Start of Source data

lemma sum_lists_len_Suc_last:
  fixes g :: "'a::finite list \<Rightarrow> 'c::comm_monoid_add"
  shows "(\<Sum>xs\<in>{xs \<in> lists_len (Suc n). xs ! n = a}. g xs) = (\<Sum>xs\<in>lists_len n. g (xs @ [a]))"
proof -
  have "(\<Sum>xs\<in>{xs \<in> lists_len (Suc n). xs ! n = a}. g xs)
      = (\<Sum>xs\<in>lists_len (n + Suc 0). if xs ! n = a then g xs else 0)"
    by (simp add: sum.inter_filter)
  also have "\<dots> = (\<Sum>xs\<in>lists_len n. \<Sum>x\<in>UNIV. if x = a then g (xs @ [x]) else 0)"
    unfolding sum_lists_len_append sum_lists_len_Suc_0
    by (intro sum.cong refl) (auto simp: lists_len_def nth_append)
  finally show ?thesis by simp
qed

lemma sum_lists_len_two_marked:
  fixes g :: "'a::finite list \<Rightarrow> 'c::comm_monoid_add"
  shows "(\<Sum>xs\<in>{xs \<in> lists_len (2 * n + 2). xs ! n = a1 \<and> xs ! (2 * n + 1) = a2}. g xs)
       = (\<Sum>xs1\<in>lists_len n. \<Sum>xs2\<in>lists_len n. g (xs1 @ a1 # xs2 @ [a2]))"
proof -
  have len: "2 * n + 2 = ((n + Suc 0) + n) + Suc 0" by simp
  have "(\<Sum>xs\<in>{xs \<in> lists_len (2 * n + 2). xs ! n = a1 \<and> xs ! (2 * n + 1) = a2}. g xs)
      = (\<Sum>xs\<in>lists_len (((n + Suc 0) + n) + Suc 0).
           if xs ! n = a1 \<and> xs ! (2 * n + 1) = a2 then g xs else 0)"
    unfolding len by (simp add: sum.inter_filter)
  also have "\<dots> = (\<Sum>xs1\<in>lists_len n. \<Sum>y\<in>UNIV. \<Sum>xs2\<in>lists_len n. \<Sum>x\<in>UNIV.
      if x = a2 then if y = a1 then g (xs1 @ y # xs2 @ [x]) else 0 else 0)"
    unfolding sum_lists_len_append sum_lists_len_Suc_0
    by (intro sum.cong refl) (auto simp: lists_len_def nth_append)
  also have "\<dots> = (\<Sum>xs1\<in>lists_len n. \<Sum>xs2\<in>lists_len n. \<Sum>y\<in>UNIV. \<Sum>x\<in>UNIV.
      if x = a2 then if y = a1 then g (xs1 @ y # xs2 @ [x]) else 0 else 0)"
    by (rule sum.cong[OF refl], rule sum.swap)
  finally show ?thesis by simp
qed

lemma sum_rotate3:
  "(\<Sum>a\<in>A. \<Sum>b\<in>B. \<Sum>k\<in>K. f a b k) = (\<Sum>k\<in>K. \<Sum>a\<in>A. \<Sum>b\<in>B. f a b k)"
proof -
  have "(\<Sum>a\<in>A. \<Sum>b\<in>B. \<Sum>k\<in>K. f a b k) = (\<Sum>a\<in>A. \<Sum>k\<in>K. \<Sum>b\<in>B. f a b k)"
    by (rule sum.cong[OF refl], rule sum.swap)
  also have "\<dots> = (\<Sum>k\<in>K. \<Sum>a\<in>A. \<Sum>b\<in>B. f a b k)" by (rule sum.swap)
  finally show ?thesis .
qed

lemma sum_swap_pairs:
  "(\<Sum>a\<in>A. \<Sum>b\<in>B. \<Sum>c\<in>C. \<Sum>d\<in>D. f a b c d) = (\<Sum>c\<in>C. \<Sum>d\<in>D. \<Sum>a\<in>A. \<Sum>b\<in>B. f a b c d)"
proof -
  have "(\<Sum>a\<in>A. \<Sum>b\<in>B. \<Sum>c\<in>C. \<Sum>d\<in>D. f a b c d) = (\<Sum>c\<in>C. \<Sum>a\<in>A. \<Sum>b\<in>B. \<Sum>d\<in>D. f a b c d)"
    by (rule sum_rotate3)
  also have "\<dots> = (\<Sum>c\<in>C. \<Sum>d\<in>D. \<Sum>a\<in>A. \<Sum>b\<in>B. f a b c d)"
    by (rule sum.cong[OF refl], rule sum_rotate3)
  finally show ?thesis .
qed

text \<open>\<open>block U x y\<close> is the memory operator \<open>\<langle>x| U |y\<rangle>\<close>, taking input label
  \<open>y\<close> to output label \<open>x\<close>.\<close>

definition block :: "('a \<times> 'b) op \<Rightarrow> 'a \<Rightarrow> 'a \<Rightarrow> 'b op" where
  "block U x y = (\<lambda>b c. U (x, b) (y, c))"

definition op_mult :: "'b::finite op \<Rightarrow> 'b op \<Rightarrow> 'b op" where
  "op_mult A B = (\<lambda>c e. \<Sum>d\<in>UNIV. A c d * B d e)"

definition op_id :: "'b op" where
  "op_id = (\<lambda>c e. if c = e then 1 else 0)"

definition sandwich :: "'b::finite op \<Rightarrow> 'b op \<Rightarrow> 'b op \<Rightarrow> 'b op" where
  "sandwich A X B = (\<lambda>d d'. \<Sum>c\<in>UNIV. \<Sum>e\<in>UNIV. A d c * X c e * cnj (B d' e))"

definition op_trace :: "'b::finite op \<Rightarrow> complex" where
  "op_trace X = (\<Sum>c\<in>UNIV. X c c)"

End of Source data
Start of Source data

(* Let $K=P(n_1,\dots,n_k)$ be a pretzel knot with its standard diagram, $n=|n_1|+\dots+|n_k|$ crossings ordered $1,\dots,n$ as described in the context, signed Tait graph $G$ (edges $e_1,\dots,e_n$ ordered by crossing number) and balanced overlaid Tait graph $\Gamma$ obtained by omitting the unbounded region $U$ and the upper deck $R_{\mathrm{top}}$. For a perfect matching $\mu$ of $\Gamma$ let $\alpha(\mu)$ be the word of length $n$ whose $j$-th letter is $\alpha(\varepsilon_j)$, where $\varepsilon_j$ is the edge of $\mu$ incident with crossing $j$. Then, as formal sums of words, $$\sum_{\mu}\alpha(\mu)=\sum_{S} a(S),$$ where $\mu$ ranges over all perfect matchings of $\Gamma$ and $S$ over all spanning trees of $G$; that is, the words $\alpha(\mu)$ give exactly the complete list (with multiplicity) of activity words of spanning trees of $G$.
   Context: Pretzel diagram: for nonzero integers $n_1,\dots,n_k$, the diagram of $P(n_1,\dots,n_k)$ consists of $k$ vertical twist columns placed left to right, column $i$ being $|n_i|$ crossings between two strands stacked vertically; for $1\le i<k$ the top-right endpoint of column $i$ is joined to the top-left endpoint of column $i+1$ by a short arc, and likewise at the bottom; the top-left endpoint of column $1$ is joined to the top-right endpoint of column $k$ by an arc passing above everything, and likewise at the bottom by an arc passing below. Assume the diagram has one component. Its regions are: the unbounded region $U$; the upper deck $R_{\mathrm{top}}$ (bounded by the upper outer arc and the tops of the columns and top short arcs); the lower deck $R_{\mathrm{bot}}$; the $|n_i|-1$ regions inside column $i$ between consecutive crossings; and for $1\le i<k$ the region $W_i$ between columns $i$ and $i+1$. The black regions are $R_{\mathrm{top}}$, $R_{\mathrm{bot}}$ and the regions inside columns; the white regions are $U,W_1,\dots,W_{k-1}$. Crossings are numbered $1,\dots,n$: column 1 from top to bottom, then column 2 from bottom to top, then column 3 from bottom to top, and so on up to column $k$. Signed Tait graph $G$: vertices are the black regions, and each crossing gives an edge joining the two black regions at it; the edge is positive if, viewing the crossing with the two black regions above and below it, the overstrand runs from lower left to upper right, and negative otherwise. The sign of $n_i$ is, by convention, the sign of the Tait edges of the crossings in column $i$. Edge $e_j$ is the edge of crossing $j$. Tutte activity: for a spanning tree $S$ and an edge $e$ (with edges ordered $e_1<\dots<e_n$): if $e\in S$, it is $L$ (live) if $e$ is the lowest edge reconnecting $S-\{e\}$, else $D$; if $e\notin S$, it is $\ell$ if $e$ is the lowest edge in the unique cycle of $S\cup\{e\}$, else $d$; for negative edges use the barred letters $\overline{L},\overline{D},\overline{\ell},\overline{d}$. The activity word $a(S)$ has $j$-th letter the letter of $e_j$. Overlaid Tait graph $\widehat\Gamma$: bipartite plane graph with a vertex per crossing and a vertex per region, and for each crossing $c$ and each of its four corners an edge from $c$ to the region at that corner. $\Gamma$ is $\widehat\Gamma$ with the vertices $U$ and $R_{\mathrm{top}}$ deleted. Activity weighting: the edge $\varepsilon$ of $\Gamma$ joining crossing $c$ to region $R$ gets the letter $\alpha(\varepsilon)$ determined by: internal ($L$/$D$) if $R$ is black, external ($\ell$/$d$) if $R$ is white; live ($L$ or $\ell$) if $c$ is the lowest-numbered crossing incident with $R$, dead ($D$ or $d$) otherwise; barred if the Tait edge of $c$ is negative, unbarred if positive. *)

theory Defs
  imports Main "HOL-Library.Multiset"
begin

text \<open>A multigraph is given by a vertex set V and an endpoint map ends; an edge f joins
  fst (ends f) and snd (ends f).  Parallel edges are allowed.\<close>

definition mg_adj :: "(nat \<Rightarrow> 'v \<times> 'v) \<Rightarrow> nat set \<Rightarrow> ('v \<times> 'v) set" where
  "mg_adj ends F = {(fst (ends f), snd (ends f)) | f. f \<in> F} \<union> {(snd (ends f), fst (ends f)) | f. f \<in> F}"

End of Source data

Task details
All that belongs in the answer is the run of lines above from the line containing "fst (ends f) and" through the line containing "(ends f), snd", exactly as written.

Task response
  fst (ends f) and snd (ends f).  Parallel edges are allowed.\<close>

definition mg_adj :: "(nat \<Rightarrow> 'v \<times> 'v) \<Rightarrow> nat set \<Rightarrow> ('v \<times> 'v) set" where
  "mg_adj ends F = {(fst (ends f), snd (ends f)) | f. f \<in> F} \<union> {(snd (ends f), fst (ends f)) | f. f \<in> F}"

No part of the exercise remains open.